So the answer, in prototype "Standard gauge" is four feet eight and a half inches, in toy trains Joshua Lionel Cohen decided to call his creation "Standard gauge" to make the other sizes put out by Ives, Hornby, and American Flyer seem odd by comparison. O scale eventually became more popular, toy train Standard gauge today is known as "G scale".
 
Well my comment about Brunel was tongue in cheek :p but I doubt it was more expensive, it's just that it came too late and most of the UK railways built at the time were using Stephenson's 4' 8.5" gauge - so the majority won out and Brunel's lines were converted, initially some to dual gauge and in the end to standard gauge.

...toy train Standard gauge today is known as "G scale"...

What?!! The G scale standard in Europe is metre (Meter) gauge track i.e. 3 feet 3 and 3/8 inches, a narrow but common gauge. The discrepancy is best explained in the following extract from Wikipedia:

"Model trains are built to represent either a real train of standard or narrow gauge. In a HO model, for example, HO track is used to represent real standard gauge and some narrower-guage track such as N is used to represent real narrow gauge.
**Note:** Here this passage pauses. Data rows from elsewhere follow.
(* Let $\sigma_1=\sigma_x,\sigma_2=\sigma_y,\sigma_3=\sigma_z$ and, for $\underline{\lambda}\in\mathbb{R}^3$, $U_{\underline{\lambda}}=\exp\{-i\sum_{j=1}^3\lambda_j\,\sigma_j\otimes\sigma_j\}$. Let the probe be $|\psi_0\rangle=(\alpha,\ \beta e^{i\phi_\beta},\ \gamma e^{i\phi_\gamma},\ \delta e^{i\phi_\delta})^T$ in the computational basis $\{|00\rangle,|01\rangle,|10\rangle,|11\rangle\}$, with $\alpha,\beta,\gamma,\delta\in[0,1]$, $\alpha^2+\beta^2+\gamma^2+\delta^2=1$, $\phi_\beta,\phi_\gamma,\phi_\delta\in[0,2\pi)$, and let $Q$ be the quantum Fisher information matrix of the model $\underline{\lambda}\mapsto U_{\underline{\lambda}}|\psi_0\rangle$. Then $$\mathrm{Det}[Q]=1024\left[\alpha^4+\delta^4-2\alpha^2\delta^2\cos 2\phi_\delta\right]\left[\beta^4+\gamma^4-2\beta^2\gamma^2\cos\big(2(\phi_\beta-\phi_\gamma)\big)\right],$$ and, whenever $Q$ is invertible, $$\mathrm{Tr}[Q^{-1}]=\frac{3}{16}\left(\frac{\alpha^2+\delta^2}{\alpha^4-2\alpha^2\delta^2\cos 2\phi_\delta+\delta^4}+\frac{\beta^2+\gamma^2}{\beta^4-2\beta^2\gamma^2\cos\big(2(\phi_\beta-\phi_\gamma)\big)+\gamma^4}\right).$$ In particular both quantities are independent of $\underline{\lambda}$.
   Context: For a pure-state model $\underline{\lambda}\mapsto|\psi_{\underline{\lambda}}\rangle$, with $\partial_j=\partial/\partial\lambda_j$, the quantum Fisher information matrix is $Q_{jk}=4\,\mathrm{Re}\big[\langle\partial_j\psi|\partial_k\psi\rangle-\langle\partial_j\psi|\psi\rangle\langle\psi|\partial_k\psi\rangle\big]$, $j,k\in\{1,2,3\}$. *)

theory Defs
  imports "HOL-Analysis.Analysis"
begin

fun mpow :: "complex^'n^'n \<Rightarrow> nat \<Rightarrow> complex^'n^'n" where
  "mpow A 0 = mat 1"
| "mpow A (Suc n) = A ** mpow A n"

definition mexp :: "complex^'n^'n \<Rightarrow> complex^'n^'n" where
  "mexp A = (\<Sum>n. (1 / fact n) *\<^sub>R mpow A n)"

text \<open>Pauli matrices, basis index 0 = |0>, 1 = |1>.\<close>

definition sigma_x :: "complex^2^2" where
  "sigma_x = (\<chi> i j. if i = j then 0 else 1)"

definition sigma_y :: "complex^2^2" where
  "sigma_y = (\<chi> i j. if i = j then 0 else if i = 0 then - \<i> else \<i>)"

definition sigma_z :: "complex^2^2" where
  "sigma_z = (\<chi> i j. if i \<noteq> j then 0 else if i = 0 then 1 else -1)"

text \<open>sigma_1 = sigma_x, sigma_2 = sigma_y, sigma_3 = sigma_z (in type 3, the index 3 equals 0).\<close>

definition pauli :: "3 \<Rightarrow> complex^2^2" where
  "pauli j = (if j = 1 then sigma_x else if j = 2 then sigma_y else sigma_z)"

text \<open>Two-qubit computational basis |00>,|01>,|10>,|11> is indexed by 0,1,2,3 :: 4;
  first (high) qubit and second (low) qubit of an index.\<close>

definition qhi :: "4 \<Rightarrow> 2" where
  "qhi i = (if i = 0 \<or> i = 1 then 0 else 1)"

definition qlo :: "4 \<Rightarrow> 2" where
  "qlo i = (if i = 0 \<or> i = 2 then 0 else 1)"

definition kron :: "complex^2^2 \<Rightarrow> complex^2^2 \<Rightarrow> complex^4^4" where
  "kron A B = (\<chi> i j. A $ qhi i $ qhi j * B $ qlo i $ qlo j)"

definition hamil :: "real^3 \<Rightarrow> complex^4^4" where
  "hamil lam = (\<chi> a b. \<Sum>j\<in>UNIV. complex_of_real (lam $ j) * kron (pauli j) (pauli j) $ a $ b)"

definition Uop :: "real^3 \<Rightarrow> complex^4^4" where
  "Uop lam = mexp (\<chi> a b. - \<i> * hamil lam $ a $ b)"

definition probe :: "real \<Rightarrow> real \<Rightarrow> real \<Rightarrow> real \<Rightarrow> real \<Rightarrow> real \<Rightarrow> real \<Rightarrow> complex^4" where
  "probe \<alpha> \<beta> \<gamma> \<delta> \<phi>\<beta> \<phi>\<gamma> \<phi>\<delta> =
     (\<chi> i. if i = 0 then complex_of_real \<alpha>
           else if i = 1 then complex_of_real \<beta> * cis \<phi>\<beta>
           else if i = 2 then complex_of_real \<gamma> * cis \<phi>\<gamma>
           else complex_of_real \<delta> * cis \<phi>\<delta>)"

definition braket :: "complex^'n \<Rightarrow> complex^'n \<Rightarrow> complex" where
  "braket u v = (\<Sum>i\<in>UNIV. cnj (u $ i) * v $ i)"

definition pderiv_state :: "(real^3 \<Rightarrow> complex^'n) \<Rightarrow> 3 \<Rightarrow> real^3 \<Rightarrow> complex^'n" where
  "pderiv_state psi j lam = vector_derivative (\<lambda>t. psi (lam + t *\<^sub>R axis j 1)) (at 0)"

definition QFIM :: "(real^3 \<Rightarrow> complex^'n) \<Rightarrow> real^3 \<Rightarrow> real^3^3" where
  "QFIM psi lam = (\<chi> j k. 4 * Re (braket (pderiv_state psi j lam) (pderiv_state psi k lam)
      - braket (pderiv_state psi j lam) (psi lam) * braket (psi lam) (pderiv_state psi k lam)))"

end

theory Submission
  imports Defs
begin

(* The three commuting generators sigma_j (x) sigma_j are simultaneously diagonal in the Bell
   basis, sigma_j (x) sigma_j acting on the m-th Bell state as a sign s_j(m).  Hence U_lambda only
   imprints the phases exp(-i lambda . s(m)) on the Bell components of the probe, and Q is 4 times
   the covariance matrix of the sign vector s under the Bell populations p_m = |<B_m|psi_0>|^2,
   which do not depend on lambda.  The four vectors (1, s(m)) are the columns of a Hadamard
   matrix; this gives det Q = 64 * 256 * p_0 p_1 p_2 p_3 and tr Q^-1 = 3/64 * sum_m 1/p_m, and
   4 p_0 p_1, 4 p_2 p_3 are exactly the two brackets of the theorem. *)

lemma sums_vec:
  fixes f :: "nat \<Rightarrow> 'a::real_normed_vector^'n"
  assumes "\<And>i. (\<lambda>n. f n $ i) sums (l $ i)"
  shows "f sums l"
  using assms unfolding sums_def by (auto intro!: vec_tendstoI simp: sum_component)

lemma sums_matrix:
  fixes f :: "nat \<Rightarrow> 'a::real_normed_vector^'n^'m"
  assumes "\<And>i j. (\<lambda>n. f n $ i $ j) sums (l $ i $ j)"
  shows "f sums l"
  using assms by (intro sums_vec) blast

lemma det_scaleR: "det (c *\<^sub>R A) = c ^ CARD('n) * det (A :: real^'n^'n)"
proof -
  have "det (c *\<^sub>R mat 1 :: real^'n^'n) = c ^ CARD('n)"
    by (subst det_diagonal) (simp_all add: mat_def)
  moreover have "c *\<^sub>R A = (c *\<^sub>R mat 1) ** A"
    by (simp flip: scalar_matrix_assoc)
  ultimately show ?thesis
    by (simp add: det_mul)
qed

lemma trace_scaleR: "trace (c *\<^sub>R A) = c * trace (A :: real^'n^'n)"
  by (simp add: trace_def sum_distrib_left)

lemma matrix_inv_eqI:
  fixes A B :: "'a::field^'n^'n"
  assumes "A ** B = mat 1"
  shows "matrix_inv A = B"
  unfolding matrix_inv_def
proof (rule some_equality)
  show "A ** B = mat 1 \<and> B ** A = mat 1"
    using assms matrix_left_right_inverse by blast
next
  fix B' assume "A ** B' = mat 1 \<and> B' ** A = mat 1"
  then show "B' = B"
    by (metis assms matrix_mul_assoc matrix_mul_lid matrix_mul_rid)
qed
G model-railways depart from this and always use the same gauge. Trains are instead built in different sizes depending on whether they are intended to represent standard-gauge or narrow-gauge trains. Because of this it might be more correct to speak of "G Gauge", the consistent aspect being the gauge, 45 mm (1.772 in), and not the scale.

G scale is thus the use of 45 mm (1.772 in) gauge track to represent both real standard gauge trains and real narrow-gauge trains, originally those of the European 1000mm gauge, at 1:22.5. Other narrow-gauge trains are modelled at other scales."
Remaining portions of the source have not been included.